--- RECORDS SUPPLIED ---
++++++++

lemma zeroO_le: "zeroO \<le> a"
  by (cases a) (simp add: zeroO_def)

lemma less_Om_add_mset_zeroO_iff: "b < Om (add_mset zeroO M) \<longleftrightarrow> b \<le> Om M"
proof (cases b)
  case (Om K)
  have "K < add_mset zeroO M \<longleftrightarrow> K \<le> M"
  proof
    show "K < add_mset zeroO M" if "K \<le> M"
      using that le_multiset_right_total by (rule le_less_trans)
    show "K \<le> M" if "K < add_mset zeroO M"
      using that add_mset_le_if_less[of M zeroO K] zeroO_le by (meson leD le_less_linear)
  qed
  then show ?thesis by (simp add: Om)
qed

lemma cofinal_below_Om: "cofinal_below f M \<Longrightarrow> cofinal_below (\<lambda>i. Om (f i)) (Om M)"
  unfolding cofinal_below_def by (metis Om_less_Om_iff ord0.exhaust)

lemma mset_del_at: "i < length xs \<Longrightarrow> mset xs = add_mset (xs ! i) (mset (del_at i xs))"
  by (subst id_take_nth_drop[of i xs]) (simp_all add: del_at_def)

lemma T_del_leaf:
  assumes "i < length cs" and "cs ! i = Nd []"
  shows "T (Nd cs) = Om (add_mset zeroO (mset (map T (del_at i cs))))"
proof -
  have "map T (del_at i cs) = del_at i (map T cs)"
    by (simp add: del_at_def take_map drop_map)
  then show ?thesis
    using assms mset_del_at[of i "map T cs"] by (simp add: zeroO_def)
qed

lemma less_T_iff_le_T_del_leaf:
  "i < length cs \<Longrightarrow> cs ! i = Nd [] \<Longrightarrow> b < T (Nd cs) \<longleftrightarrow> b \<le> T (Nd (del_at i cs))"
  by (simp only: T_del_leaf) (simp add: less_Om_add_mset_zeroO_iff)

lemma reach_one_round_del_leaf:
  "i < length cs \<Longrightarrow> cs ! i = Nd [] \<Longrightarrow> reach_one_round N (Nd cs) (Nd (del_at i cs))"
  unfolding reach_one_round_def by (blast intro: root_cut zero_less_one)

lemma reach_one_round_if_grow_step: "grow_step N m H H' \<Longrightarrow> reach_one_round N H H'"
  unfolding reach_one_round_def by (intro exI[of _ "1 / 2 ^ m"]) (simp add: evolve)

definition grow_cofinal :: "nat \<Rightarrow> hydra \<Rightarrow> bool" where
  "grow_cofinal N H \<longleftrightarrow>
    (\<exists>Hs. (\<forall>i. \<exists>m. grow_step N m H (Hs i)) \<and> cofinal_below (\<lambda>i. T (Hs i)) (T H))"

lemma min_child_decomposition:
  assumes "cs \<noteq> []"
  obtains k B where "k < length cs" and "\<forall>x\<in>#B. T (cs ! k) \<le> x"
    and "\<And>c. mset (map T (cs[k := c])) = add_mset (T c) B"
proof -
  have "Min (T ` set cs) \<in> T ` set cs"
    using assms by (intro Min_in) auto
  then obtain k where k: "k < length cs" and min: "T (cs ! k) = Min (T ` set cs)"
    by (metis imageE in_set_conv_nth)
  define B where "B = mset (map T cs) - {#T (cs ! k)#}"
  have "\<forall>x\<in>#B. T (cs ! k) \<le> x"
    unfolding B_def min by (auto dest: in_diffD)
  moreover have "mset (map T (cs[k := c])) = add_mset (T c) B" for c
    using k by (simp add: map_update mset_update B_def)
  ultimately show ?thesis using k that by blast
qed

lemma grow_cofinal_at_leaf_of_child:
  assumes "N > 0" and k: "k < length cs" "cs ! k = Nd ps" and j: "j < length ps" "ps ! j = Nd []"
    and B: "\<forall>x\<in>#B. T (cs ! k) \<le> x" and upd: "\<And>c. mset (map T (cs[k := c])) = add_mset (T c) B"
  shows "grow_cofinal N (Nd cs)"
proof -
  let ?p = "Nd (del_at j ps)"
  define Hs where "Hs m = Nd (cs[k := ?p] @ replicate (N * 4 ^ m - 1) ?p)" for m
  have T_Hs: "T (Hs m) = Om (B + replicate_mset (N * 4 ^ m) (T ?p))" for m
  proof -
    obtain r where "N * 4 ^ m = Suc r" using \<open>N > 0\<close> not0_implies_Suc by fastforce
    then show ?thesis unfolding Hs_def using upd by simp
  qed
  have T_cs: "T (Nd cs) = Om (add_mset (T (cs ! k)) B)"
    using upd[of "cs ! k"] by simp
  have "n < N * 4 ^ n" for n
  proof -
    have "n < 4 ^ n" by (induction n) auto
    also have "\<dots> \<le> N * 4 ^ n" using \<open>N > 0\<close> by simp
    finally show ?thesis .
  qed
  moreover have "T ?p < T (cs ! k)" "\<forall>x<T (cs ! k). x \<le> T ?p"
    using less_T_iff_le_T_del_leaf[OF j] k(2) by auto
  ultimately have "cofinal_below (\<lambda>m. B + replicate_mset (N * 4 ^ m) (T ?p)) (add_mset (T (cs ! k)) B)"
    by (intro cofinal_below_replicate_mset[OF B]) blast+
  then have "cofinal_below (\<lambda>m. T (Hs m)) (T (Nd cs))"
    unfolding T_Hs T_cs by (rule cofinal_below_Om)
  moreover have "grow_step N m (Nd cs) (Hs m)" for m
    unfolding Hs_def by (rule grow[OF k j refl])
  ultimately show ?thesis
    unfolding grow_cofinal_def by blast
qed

++++++++

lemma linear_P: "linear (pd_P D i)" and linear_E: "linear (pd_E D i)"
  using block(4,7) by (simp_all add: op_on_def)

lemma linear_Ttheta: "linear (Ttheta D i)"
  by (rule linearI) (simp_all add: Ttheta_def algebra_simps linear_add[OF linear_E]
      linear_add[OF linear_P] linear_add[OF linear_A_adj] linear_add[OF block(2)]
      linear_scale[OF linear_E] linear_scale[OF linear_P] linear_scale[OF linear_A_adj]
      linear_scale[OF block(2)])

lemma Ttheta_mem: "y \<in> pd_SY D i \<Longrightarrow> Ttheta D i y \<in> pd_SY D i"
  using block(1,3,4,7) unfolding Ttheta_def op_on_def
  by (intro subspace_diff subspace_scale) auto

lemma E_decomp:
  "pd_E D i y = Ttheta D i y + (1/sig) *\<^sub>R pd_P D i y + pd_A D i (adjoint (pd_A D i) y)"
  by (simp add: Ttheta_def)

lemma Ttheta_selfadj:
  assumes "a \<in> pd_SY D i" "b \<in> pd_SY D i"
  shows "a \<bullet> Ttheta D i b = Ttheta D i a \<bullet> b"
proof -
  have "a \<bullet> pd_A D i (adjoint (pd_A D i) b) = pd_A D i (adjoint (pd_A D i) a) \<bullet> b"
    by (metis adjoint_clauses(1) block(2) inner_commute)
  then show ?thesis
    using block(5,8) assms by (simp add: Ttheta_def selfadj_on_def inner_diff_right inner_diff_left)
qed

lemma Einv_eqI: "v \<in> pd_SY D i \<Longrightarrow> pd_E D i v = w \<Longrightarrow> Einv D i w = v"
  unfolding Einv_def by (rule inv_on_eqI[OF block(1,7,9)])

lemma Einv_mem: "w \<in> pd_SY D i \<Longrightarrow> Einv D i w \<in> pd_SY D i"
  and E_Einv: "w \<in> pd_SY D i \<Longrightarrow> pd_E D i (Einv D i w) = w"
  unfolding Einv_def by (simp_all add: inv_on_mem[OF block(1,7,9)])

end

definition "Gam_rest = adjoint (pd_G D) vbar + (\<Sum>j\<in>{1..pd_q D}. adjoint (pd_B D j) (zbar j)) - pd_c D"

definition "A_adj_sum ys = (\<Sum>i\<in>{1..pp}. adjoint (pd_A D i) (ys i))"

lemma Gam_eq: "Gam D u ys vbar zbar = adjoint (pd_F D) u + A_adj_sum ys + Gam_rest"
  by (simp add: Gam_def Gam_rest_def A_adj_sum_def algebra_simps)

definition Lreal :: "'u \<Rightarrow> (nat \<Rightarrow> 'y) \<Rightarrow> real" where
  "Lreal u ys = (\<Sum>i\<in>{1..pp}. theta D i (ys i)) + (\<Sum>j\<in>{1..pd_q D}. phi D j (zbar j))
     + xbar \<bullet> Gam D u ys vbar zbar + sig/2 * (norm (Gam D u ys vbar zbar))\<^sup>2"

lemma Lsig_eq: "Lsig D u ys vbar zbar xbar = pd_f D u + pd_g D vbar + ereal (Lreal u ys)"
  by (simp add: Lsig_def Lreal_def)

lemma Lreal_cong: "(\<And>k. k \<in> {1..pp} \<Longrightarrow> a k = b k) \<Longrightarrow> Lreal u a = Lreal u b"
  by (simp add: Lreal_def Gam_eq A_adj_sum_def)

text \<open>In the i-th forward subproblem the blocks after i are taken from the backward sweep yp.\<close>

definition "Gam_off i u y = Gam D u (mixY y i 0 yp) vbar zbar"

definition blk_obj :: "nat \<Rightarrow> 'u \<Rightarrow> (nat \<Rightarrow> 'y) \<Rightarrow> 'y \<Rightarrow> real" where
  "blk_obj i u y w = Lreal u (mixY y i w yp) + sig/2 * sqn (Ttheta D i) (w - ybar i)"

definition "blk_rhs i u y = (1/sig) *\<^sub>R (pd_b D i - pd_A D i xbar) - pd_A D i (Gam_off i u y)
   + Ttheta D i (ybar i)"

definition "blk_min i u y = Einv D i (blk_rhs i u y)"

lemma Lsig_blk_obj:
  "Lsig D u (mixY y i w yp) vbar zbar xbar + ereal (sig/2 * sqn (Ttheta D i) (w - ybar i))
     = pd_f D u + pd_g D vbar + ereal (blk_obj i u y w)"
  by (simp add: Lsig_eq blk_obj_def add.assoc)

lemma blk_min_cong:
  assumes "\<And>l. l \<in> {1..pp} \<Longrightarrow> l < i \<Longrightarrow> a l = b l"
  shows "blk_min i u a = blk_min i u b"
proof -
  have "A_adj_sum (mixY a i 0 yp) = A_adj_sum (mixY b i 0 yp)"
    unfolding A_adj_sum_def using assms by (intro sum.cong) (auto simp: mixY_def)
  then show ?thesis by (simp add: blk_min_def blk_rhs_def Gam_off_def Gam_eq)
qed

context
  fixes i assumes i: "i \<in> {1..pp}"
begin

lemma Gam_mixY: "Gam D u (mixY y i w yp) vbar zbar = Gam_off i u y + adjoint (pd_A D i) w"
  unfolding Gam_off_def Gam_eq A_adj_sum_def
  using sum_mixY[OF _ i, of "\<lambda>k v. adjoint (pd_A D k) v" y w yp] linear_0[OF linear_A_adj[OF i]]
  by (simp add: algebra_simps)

++++++++

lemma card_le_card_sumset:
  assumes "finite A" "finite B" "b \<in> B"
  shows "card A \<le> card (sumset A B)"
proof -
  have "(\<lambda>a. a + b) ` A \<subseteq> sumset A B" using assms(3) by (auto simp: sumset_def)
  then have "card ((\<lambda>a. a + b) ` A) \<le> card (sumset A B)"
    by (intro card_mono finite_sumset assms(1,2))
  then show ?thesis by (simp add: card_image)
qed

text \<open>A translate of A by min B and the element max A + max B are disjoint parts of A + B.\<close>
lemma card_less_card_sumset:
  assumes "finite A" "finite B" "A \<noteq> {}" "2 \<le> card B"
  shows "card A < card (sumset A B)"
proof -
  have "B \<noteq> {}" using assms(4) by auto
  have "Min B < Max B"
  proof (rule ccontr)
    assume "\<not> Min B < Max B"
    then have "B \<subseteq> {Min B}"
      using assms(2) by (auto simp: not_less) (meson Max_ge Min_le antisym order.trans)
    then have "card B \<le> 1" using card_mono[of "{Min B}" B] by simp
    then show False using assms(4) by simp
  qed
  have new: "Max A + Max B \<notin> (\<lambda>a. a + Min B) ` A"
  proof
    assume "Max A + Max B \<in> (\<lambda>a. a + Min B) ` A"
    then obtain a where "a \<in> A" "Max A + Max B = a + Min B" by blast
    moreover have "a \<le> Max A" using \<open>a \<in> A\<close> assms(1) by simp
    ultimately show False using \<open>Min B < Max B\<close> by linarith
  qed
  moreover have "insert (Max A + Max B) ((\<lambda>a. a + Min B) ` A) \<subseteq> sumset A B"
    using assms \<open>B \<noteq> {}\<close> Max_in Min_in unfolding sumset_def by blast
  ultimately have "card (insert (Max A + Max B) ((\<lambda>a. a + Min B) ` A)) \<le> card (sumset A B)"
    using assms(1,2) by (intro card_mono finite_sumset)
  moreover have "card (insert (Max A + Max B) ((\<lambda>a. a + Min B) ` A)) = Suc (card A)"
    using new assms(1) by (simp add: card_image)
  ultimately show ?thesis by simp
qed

++++++++

--- PROBLEM ---
Pull every line containing "intro" out of the material and copy it.

--- ANSWER SECTION ---
  unfolding reach_one_round_def by (blast intro: root_cut zero_less_one)
  unfolding reach_one_round_def by (intro exI[of _ "1 / 2 ^ m"]) (simp add: evolve)
    using assms by (intro Min_in) auto
    by (intro cofinal_below_replicate_mset[OF B]) blast+
  by (intro subspace_diff subspace_scale) auto
    unfolding A_adj_sum_def using assms by (intro sum.cong) (auto simp: mixY_def)
    by (intro card_mono finite_sumset assms(1,2))
    using assms(1,2) by (intro card_mono finite_sumset)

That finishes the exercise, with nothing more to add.